Saved entries:

'''

(* Consider any sequences $\{(x_k,y_k,\gamma_k)\}_{k\ge0}$, $\{(\tilde x_k,u_k,\tilde\gamma_k)\}_{k\ge1}$ generated by the inexact symmetric proximal ADMM described in the context. Define, for every $k\ge1$, $$v_k=\Big(H+\tfrac{(\tau-\tau\theta+\theta)\beta}{\tau+\theta}B^*B\Big)(y_{k-1}-y_k)-\tfrac{\tau}{\tau+\theta}B^*(\gamma_{k-1}-\gamma_k),\qquad w_k=-\tfrac{\tau}{\tau+\theta}B(y_{k-1}-y_k)+\tfrac{1}{(\tau+\theta)\beta}(\gamma_{k-1}-\gamma_k).$$ Let $\sigma\in[\hat\sigma,1)$ be a scalar with $\varphi(\sigma)\ge0$, $\widehat\varphi(\sigma)\ge0$, $\widetilde\varphi(\sigma)>0$, $\overline\varphi(\sigma)\ge0$ (such $\sigma$ exists). Then for every $k\ge1$, $$u_k\in\partial f(\tilde x_k)-A^*\tilde\gamma_k,\qquad v_k\in\partial g(y_k)-B^*\tilde\gamma_k,\qquad w_k=A\tilde x_k+By_k-b,$$ and there exists $i\le k$ such that $$\max\{\|u_i\|,\|v_i\|,\|w_i\|\}\le\sqrt{\frac{2\lambda_M d_0\,\mathcal C_1}{k}},$$ where $\mathcal C_1=\Big[1+\sigma+\frac{8(1+\tau+\vartheta)\varphi(\sigma)}{(\tau+\theta)(1+\tau)\vartheta}\Big]\Big/(1-\sigma)$ and $\lambda_M$ is the largest eigenvalue of $M$.
   Context: Let $f:\mathbb{R}^n\to(-\infty,\infty]$ and $g:\mathbb{R}^p\to(-\infty,\infty]$ be proper closed convex functions, $A\in\mathbb{R}^{m\times n}$, $B\in\mathbb{R}^{m\times p}$, $b\in\mathbb{R}^m$ (problem: $\min\{f(x)+g(y):Ax+By=b\}$). Standing assumption: there exists $(x^*,y^*,\gamma^* )$ solving the Lagrangian system $0\in\partial f(x)-A^*\gamma$, $0\in\partial g(y)-B^*\gamma$, $0=Ax+By-b$. Here $\partial$ is the subdifferential, $A^*$ the transpose, $\mathbb{S}^n_{++}$ ($\mathbb{S}^p_+$) the symmetric positive definite (semidefinite) matrices, and $\|z\|_Q=\sqrt{\langle Qz,z\rangle}$ for $Q$ positive semidefinite. Algorithm (inexact symmetric proximal ADMM): given $(x_0,y_0,\gamma_0)\in\mathbb{R}^n\times\mathbb{R}^p\times\mathbb{R}^m$, $\beta>0$, $\tilde\sigma,\hat\sigma\in[0,1)$, $G\in\mathbb{S}^n_{++}$, $H\in\mathbb{S}^p_+$, and $(\tau,\theta)\in\mathcal R_{\tilde\sigma}:=\{(\tau,\theta):\tau\in(-1,1-\tilde\sigma),\ \tau+\theta>0,\ (1-\tau^2)(2-\tau-\theta-\tilde\sigma)-(1-\theta)^2(1-\tau-\tilde\sigma)>0\}$. For $k=1,2,\dots$: compute $(\tilde x_k,u_k)$ with $u_k\in\partial f(\tilde x_k)-A^*\tilde\gamma_k$ and $\|\tilde x_k-x_{k-1}+G^{-1}u_k\|_G^2\le\frac{\tilde\sigma}{\beta}\|\tilde\gamma_k-\gamma_{k-1}\|^2+\hat\sigma\|\tilde x_k-x_{k-1}\|_G^2$, where $\tilde\gamma_k=\gamma_{k-1}-\beta(A\tilde x_k+By_{k-1}-b)$; set $\gamma_{k-1/2}=\gamma_{k-1}-\tau\beta(A\tilde x_k+By_{k-1}-b)$; let $y_k$ be an optimal solution of $\min_y\{g(y)-\langle\gamma_{k-1/2},By\rangle+\frac\beta2\|A\tilde x_k+By-b\|^2+\frac12\|y-y_{k-1}\|_H^2\}$; set $x_k=x_{k-1}-G^{-1}u_k$ and $\gamma_k=\gamma_{k-1/2}-\theta\beta(A\tilde x_k+By_k-b)$. Definitions: $T(x,y,\gamma)=(\partial f(x)-A^*\gamma,\ \partial g(y)-B^*\gamma,\ Ax+By-b)$; $M=\begin{bmatrix}G&0&0\\0&H+\frac{(\tau-\tau\theta+\theta)\beta}{\tau+\theta}B^*B&-\frac{\tau}{\tau+\theta}B^*\\0&-\frac{\tau}{\tau+\theta}B&\frac{1}{(\tau+\theta)\beta}I\end{bmatrix}$; $z_0=(x_0,y_0,\gamma_0)$; $d_0=\inf\{\|z^*-z_0\|_M^2: z^*\in T^{-1}(0)\}$; $\vartheta=\sqrt{(3-3\tau-2\tilde\sigma)(4-\tau-\theta-2\tilde\sigma)}-2(1-\tau-\tilde\sigma)$; and for $\sigma\in\mathbb{R}$: $\varphi(\sigma)=(1-\tau)(\sigma-1)+(1-\tau-\tilde\sigma)(\tau+\theta)$, $\widehat\varphi(\sigma)=(1-\tau)[(1+\theta)\sigma-1+\tau]-\tilde\sigma(\tau+\theta)$, $\widetilde\varphi(\sigma)=\sigma-(1-\tau-\theta)^2-\tilde\sigma(\tau+\theta)$, $\overline\varphi(\sigma)=[(1+\tau)\widehat\varphi(\sigma)-2\tau\varphi(\sigma)](1+\tau)\widetilde\varphi(\sigma)-(1-\theta)^2\varphi(\sigma)^2$. *)

theory Defs
  imports "HOL-Analysis.Analysis" "HOL-Library.Extended_Real"
begin

definition proper_fun :: "('a \<Rightarrow> ereal) \<Rightarrow> bool" where
  "proper_fun f \<longleftrightarrow> (\<forall>x. f x \<noteq> -\<infinity>) \<and> (\<exists>x. f x \<noteq> \<infinity>)"

definition epigraph_e :: "('a \<Rightarrow> ereal) \<Rightarrow> ('a \<times> real) set" where
  "epigraph_e f = {(x, t). f x \<le> ereal t}"

definition convex_fun :: "('a::real_vector \<Rightarrow> ereal) \<Rightarrow> bool" where
  "convex_fun f \<longleftrightarrow> convex (epigraph_e f)"

definition closed_fun :: "('a::topological_space \<Rightarrow> ereal) \<Rightarrow> bool" where
  "closed_fun f \<longleftrightarrow> closed (epigraph_e f)"

definition subdiff :: "('a::real_inner \<Rightarrow> ereal) \<Rightarrow> 'a \<Rightarrow> 'a set" where
  "subdiff f x = {v. f x \<noteq> \<infinity> \<and> (\<forall>z. f x + ereal (inner v (z - x)) \<le> f z)}"

definition sym_mat :: "real^'n^'n \<Rightarrow> bool" where
  "sym_mat Q \<longleftrightarrow> transpose Q = Q"

definition pos_def :: "real^'n^'n \<Rightarrow> bool" where
  "pos_def Q \<longleftrightarrow> sym_mat Q \<and> (\<forall>z. z \<noteq> 0 \<longrightarrow> inner (Q *v z) z > 0)"

definition pos_semidef :: "real^'n^'n \<Rightarrow> bool" where
  "pos_semidef Q \<longleftrightarrow> sym_mat Q \<and> (\<forall>z. inner (Q *v z) z \<ge> 0)"

definition qnorm2 :: "real^'n^'n \<Rightarrow> real^'n \<Rightarrow> real" where
  "qnorm2 Q z = inner (Q *v z) z"

definition region_R :: "real \<Rightarrow> real \<Rightarrow> real \<Rightarrow> bool" where
  "region_R st \<tau> \<theta> \<longleftrightarrow> -1 < \<tau> \<and> \<tau> < 1 - st \<and> \<tau> + \<theta> > 0 \<and>
     (1 - \<tau>\<^sup>2) * (2 - \<tau> - \<theta> - st) - (1 - \<theta>)\<^sup>2 * (1 - \<tau> - st) > 0"

definition kkt_set :: "(real^'n \<Rightarrow> ereal) \<Rightarrow> (real^'p \<Rightarrow> ereal) \<Rightarrow> real^'n^'m \<Rightarrow> real^'p^'m
   \<Rightarrow> real^'m \<Rightarrow> ((real^'n) \<times> (real^'p) \<times> (real^'m)) set" where
  "kkt_set f g A B b = {(x, y, \<gamma>). transpose A *v \<gamma> \<in> subdiff f x \<and>
      transpose B *v \<gamma> \<in> subdiff g y \<and> A *v x + B *v y - b = 0}"

definition M_op :: "real^'n^'n \<Rightarrow> real^'p^'p \<Rightarrow> real^'p^'m \<Rightarrow> real \<Rightarrow> real \<Rightarrow> real
   \<Rightarrow> (real^'n) \<times> (real^'p) \<times> (real^'m) \<Rightarrow> (real^'n) \<times> (real^'p) \<times> (real^'m)" where
  "M_op G H B \<beta> \<tau> \<theta> = (\<lambda>(x, y, \<gamma>).
     (G *v x,
      (H + ((\<tau> - \<tau> * \<theta> + \<theta>) * \<beta> / (\<tau> + \<theta>)) *\<^sub>R (transpose B ** B)) *v y
        - (\<tau> / (\<tau> + \<theta>)) *\<^sub>R (transpose B *v \<gamma>),
      - (\<tau> / (\<tau> + \<theta>)) *\<^sub>R (B *v y) + (1 / ((\<tau> + \<theta>) * \<beta>)) *\<^sub>R \<gamma>))"

definition largest_eigenvalue :: "('a::real_vector \<Rightarrow> 'a) \<Rightarrow> real" where
  "largest_eigenvalue L = Max {e. \<exists>z. z \<noteq> 0 \<and> L z = e *\<^sub>R z}"

definition d0_val :: "(real^'n \<Rightarrow> ereal) \<Rightarrow> (real^'p \<Rightarrow> ereal) \<Rightarrow> real^'n^'m \<Rightarrow> real^'p^'m
   \<Rightarrow> real^'m \<Rightarrow> real^'n^'n \<Rightarrow> real^'p^'p \<Rightarrow> real \<Rightarrow> real \<Rightarrow> real
   \<Rightarrow> (real^'n) \<times> (real^'p) \<times> (real^'m) \<Rightarrow> real" where
  "d0_val f g A B b G H \<beta> \<tau> \<theta> z0 =
     Inf {inner (M_op G H B \<beta> \<tau> \<theta> (zs - z0)) (zs - z0) | zs. zs \<in> kkt_set f g A B b}"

'''

Your instructions: Reproduce exactly the section above that begins at the line containing "real^'p^'p \<Rightarrow> real^'p^'m" and ends at the line containing "(real^'m) \<Rightarrow> (real^'n)", leaving out all other lines.

Exercise output:
definition M_op :: "real^'n^'n \<Rightarrow> real^'p^'p \<Rightarrow> real^'p^'m \<Rightarrow> real \<Rightarrow> real \<Rightarrow> real
   \<Rightarrow> (real^'n) \<times> (real^'p) \<times> (real^'m) \<Rightarrow> (real^'n) \<times> (real^'p) \<times> (real^'m)" where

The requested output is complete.